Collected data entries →
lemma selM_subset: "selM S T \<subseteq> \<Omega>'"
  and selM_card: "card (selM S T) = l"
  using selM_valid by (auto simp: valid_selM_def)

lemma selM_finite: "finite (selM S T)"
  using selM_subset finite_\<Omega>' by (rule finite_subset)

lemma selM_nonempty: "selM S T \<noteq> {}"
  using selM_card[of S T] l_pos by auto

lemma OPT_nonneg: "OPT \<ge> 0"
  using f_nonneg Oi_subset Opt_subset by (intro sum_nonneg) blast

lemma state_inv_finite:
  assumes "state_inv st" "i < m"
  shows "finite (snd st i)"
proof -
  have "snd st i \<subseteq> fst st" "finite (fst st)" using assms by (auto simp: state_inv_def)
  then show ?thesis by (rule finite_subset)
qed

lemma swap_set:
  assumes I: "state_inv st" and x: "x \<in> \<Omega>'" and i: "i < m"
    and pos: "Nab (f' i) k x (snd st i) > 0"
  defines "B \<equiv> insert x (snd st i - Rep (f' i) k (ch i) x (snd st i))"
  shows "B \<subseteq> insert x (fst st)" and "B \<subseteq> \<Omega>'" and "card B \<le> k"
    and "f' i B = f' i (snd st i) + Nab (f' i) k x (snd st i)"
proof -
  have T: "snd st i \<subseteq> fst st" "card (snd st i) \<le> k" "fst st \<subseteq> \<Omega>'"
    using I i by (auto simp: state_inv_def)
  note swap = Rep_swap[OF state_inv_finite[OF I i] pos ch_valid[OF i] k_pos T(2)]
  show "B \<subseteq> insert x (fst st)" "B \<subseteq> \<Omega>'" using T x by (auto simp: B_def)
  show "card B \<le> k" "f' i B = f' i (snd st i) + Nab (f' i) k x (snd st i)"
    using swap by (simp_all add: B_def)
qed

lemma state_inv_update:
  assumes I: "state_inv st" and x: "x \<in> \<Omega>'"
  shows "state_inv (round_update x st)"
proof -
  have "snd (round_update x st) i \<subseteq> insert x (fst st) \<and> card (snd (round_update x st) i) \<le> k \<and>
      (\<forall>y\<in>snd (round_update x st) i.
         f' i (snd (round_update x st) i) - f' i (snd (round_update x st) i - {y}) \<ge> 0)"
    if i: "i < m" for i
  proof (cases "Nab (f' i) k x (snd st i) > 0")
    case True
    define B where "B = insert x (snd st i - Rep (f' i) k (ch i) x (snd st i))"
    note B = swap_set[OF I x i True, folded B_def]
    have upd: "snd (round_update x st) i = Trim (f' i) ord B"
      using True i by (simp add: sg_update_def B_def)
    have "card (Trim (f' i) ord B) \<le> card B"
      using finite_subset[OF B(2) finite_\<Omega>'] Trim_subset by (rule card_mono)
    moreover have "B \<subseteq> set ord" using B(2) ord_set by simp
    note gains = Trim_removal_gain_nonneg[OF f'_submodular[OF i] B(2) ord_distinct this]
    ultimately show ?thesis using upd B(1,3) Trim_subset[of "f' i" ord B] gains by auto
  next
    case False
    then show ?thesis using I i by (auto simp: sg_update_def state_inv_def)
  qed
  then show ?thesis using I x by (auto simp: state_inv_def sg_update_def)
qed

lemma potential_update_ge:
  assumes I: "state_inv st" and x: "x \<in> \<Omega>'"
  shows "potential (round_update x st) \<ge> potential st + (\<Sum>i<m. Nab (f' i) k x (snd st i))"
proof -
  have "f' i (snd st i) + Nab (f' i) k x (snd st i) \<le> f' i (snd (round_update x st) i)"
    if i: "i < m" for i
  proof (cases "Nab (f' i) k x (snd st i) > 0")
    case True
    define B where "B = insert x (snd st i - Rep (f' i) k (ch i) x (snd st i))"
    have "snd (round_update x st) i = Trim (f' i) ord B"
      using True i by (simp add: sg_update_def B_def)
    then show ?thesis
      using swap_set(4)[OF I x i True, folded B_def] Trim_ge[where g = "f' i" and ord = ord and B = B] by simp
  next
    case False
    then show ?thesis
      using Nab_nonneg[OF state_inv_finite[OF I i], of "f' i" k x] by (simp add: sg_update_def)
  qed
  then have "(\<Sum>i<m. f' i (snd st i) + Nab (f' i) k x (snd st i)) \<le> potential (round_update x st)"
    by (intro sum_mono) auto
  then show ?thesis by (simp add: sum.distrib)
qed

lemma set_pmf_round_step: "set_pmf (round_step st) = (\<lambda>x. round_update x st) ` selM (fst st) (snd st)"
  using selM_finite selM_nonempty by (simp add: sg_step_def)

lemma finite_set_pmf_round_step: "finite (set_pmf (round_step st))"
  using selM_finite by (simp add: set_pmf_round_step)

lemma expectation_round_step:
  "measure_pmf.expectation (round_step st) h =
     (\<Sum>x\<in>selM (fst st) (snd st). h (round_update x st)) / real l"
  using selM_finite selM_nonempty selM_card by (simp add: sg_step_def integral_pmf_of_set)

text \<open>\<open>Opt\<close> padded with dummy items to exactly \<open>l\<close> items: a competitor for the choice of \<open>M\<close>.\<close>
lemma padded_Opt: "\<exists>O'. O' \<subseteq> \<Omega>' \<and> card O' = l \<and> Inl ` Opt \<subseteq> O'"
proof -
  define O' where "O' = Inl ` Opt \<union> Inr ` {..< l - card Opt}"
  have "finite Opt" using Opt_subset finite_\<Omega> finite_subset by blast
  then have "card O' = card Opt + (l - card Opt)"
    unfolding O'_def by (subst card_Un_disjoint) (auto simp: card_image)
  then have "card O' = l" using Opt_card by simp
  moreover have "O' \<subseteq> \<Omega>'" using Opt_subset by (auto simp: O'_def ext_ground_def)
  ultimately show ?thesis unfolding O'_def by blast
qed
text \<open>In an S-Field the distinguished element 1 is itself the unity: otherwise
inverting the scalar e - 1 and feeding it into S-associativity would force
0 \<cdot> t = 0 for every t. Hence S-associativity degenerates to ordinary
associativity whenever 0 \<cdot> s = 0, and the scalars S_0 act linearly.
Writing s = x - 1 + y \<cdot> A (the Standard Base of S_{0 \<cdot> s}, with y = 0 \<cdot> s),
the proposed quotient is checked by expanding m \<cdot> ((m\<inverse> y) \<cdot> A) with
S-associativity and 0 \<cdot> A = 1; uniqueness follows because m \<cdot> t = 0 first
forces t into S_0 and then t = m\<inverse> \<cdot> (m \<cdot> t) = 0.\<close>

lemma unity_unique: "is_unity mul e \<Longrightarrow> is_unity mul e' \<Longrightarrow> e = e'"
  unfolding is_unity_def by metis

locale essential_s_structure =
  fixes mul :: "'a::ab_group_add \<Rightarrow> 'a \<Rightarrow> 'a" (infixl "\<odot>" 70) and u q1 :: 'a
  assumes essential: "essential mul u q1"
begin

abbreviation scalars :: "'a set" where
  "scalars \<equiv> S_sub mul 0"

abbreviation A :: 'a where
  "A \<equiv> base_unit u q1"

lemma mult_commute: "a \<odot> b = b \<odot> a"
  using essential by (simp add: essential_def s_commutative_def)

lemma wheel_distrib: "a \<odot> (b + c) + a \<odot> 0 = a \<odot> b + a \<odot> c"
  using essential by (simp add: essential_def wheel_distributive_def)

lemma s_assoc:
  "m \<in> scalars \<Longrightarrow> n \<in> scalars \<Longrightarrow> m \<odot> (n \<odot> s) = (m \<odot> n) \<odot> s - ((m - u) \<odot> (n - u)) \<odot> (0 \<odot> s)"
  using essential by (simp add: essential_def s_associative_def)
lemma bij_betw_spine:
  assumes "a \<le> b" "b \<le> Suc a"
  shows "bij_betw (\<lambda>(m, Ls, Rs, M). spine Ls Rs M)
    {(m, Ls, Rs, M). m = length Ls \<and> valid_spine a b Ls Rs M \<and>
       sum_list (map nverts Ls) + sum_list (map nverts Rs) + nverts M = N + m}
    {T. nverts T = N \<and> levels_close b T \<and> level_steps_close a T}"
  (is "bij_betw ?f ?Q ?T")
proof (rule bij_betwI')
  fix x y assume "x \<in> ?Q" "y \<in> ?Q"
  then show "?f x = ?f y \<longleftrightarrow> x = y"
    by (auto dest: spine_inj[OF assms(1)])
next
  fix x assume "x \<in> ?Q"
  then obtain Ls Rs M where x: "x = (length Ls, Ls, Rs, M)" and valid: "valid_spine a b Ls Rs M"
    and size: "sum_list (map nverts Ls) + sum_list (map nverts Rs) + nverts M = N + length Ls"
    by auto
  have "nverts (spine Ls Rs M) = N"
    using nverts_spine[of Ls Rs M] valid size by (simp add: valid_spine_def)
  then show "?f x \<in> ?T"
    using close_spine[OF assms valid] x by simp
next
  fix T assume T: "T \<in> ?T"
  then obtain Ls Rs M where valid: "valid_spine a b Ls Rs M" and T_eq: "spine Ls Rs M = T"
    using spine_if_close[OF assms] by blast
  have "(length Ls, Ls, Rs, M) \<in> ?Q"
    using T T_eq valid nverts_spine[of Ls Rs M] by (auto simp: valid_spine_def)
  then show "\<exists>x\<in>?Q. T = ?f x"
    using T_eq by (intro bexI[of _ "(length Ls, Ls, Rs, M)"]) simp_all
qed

---

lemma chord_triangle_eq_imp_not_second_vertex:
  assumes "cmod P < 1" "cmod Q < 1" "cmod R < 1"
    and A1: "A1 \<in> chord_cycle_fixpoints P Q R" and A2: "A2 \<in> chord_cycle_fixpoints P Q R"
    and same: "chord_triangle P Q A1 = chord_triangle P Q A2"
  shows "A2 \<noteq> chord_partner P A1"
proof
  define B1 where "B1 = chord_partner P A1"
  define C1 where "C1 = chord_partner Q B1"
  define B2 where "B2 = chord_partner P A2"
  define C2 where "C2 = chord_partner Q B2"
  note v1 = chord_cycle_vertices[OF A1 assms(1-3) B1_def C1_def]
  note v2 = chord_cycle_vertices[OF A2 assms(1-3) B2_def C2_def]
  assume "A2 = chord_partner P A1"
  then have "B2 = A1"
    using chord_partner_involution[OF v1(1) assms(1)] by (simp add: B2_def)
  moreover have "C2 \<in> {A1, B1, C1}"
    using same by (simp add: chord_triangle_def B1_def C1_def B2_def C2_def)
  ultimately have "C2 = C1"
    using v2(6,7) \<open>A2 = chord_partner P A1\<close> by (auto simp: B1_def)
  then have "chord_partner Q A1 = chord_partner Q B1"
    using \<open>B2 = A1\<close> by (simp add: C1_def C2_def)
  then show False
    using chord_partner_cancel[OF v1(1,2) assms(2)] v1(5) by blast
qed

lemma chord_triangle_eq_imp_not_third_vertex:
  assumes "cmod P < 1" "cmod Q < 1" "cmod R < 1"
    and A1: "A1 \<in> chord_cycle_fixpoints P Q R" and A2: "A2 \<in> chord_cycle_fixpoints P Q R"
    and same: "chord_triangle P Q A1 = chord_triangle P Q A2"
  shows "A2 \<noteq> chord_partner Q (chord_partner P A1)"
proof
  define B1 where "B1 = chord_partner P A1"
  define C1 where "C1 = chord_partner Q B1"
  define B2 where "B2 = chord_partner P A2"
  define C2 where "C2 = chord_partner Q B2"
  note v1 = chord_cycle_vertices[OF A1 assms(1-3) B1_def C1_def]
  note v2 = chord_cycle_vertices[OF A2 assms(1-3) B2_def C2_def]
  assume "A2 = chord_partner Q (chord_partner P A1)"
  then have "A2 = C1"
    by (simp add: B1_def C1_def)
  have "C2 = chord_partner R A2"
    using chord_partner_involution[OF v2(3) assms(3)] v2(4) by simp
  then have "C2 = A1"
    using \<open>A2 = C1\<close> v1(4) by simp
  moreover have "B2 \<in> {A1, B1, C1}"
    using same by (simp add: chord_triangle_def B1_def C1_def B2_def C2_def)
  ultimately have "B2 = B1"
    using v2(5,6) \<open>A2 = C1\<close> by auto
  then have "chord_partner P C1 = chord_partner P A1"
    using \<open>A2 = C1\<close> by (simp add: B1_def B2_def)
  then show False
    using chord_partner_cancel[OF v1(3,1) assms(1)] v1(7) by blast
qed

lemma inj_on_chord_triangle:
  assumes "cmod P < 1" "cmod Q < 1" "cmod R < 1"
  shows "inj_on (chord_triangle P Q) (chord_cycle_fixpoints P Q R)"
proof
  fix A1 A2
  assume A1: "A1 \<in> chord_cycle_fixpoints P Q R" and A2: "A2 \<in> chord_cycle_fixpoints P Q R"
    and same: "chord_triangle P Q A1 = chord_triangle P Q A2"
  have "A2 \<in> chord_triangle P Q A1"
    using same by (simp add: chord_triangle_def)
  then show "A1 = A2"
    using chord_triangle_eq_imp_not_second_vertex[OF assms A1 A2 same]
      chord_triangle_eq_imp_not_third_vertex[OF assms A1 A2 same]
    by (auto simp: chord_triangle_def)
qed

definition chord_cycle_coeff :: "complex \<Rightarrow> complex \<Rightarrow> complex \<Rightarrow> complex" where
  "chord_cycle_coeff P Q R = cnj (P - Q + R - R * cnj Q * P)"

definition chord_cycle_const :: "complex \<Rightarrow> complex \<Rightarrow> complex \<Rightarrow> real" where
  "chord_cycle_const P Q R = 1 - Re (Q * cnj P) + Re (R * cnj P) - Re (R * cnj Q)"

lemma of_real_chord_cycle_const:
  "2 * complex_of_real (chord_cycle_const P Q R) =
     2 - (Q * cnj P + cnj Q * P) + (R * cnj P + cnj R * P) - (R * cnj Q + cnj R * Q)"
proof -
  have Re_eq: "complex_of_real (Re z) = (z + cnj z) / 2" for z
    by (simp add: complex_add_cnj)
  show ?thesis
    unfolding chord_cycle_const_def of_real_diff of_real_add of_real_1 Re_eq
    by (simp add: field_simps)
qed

* * *

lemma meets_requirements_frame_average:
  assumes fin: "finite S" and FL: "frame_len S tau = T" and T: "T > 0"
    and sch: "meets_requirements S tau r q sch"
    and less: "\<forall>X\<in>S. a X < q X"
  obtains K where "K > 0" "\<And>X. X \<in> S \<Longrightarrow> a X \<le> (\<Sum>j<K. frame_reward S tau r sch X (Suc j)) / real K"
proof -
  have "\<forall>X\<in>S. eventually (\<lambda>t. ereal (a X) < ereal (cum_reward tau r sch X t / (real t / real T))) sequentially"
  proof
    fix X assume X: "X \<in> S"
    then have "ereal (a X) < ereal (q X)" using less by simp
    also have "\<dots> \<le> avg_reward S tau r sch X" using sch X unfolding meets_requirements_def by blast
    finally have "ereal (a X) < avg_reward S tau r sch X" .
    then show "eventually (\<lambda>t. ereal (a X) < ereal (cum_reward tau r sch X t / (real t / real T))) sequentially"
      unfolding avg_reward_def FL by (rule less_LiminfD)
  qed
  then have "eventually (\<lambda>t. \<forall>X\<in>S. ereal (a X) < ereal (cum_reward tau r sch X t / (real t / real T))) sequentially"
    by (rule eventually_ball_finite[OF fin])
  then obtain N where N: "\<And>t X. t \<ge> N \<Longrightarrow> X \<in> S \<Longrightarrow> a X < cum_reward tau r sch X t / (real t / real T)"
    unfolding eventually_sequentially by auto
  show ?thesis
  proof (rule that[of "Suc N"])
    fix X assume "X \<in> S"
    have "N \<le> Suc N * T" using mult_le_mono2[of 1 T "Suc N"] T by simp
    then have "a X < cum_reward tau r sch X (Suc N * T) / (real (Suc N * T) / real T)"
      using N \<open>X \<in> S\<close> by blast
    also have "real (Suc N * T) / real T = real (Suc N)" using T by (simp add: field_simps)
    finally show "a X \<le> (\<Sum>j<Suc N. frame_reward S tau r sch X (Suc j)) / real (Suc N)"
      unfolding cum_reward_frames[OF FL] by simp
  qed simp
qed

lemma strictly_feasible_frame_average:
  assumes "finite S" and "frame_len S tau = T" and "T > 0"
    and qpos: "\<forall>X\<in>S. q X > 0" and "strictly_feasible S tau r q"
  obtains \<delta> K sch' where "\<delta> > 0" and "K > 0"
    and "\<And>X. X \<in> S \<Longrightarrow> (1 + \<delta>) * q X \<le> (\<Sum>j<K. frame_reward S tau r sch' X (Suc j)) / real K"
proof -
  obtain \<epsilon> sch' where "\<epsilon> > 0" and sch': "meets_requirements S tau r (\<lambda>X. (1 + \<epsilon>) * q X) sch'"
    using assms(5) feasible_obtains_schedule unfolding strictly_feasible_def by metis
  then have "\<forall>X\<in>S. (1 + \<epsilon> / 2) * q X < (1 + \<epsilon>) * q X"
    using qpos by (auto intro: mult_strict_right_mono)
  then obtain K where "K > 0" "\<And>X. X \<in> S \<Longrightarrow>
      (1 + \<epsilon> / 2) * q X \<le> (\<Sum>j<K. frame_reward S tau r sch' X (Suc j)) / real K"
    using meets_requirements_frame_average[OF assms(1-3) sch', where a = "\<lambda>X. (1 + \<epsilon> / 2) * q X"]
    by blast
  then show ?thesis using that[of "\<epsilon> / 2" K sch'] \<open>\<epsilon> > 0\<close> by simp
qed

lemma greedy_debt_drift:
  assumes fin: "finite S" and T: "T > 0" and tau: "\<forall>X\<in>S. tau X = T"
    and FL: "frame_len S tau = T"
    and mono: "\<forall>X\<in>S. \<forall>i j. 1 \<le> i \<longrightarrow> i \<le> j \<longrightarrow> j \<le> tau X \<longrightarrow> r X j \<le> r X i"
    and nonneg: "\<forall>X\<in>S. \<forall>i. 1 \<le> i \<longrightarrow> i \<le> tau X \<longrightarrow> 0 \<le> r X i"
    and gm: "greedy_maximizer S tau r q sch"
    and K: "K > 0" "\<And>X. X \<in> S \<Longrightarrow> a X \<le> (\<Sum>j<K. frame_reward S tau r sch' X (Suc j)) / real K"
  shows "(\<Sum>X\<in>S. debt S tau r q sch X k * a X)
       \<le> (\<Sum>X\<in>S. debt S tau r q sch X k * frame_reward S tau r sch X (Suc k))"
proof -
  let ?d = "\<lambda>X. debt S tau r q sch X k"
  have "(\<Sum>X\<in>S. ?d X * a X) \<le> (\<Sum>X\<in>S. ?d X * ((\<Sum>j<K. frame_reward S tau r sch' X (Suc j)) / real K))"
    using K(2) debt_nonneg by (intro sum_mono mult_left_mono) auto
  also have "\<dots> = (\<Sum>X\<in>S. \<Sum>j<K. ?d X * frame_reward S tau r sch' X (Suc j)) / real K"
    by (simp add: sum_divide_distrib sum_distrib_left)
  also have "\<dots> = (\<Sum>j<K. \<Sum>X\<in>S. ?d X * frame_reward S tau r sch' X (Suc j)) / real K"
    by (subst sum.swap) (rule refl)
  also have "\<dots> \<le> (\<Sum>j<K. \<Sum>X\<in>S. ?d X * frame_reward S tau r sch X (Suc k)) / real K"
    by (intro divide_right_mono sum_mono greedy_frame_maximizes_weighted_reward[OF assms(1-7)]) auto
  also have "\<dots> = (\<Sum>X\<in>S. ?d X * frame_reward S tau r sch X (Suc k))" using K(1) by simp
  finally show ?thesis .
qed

Task prompt → The answer is the lines above between the line holding "by (intro sum_mono) auto" and the line holding "l \<and> Inl", inclusive, each written out exactly, and no others.

Task output →
    by (intro sum_mono) auto
  then show ?thesis by (simp add: sum.distrib)
qed

lemma set_pmf_round_step: "set_pmf (round_step st) = (\<lambda>x. round_update x st) ` selM (fst st) (snd st)"
  using selM_finite selM_nonempty by (simp add: sg_step_def)

lemma finite_set_pmf_round_step: "finite (set_pmf (round_step st))"
  using selM_finite by (simp add: set_pmf_round_step)

lemma expectation_round_step:
  "measure_pmf.expectation (round_step st) h =
     (\<Sum>x\<in>selM (fst st) (snd st). h (round_update x st)) / real l"
  using selM_finite selM_nonempty selM_card by (simp add: sg_step_def integral_pmf_of_set)

text \<open>\<open>Opt\<close> padded with dummy items to exactly \<open>l\<close> items: a competitor for the choice of \<open>M\<close>.\<close>
lemma padded_Opt: "\<exists>O'. O' \<subseteq> \<Omega>' \<and> card O' = l \<and> Inl ` Opt \<subseteq> O'"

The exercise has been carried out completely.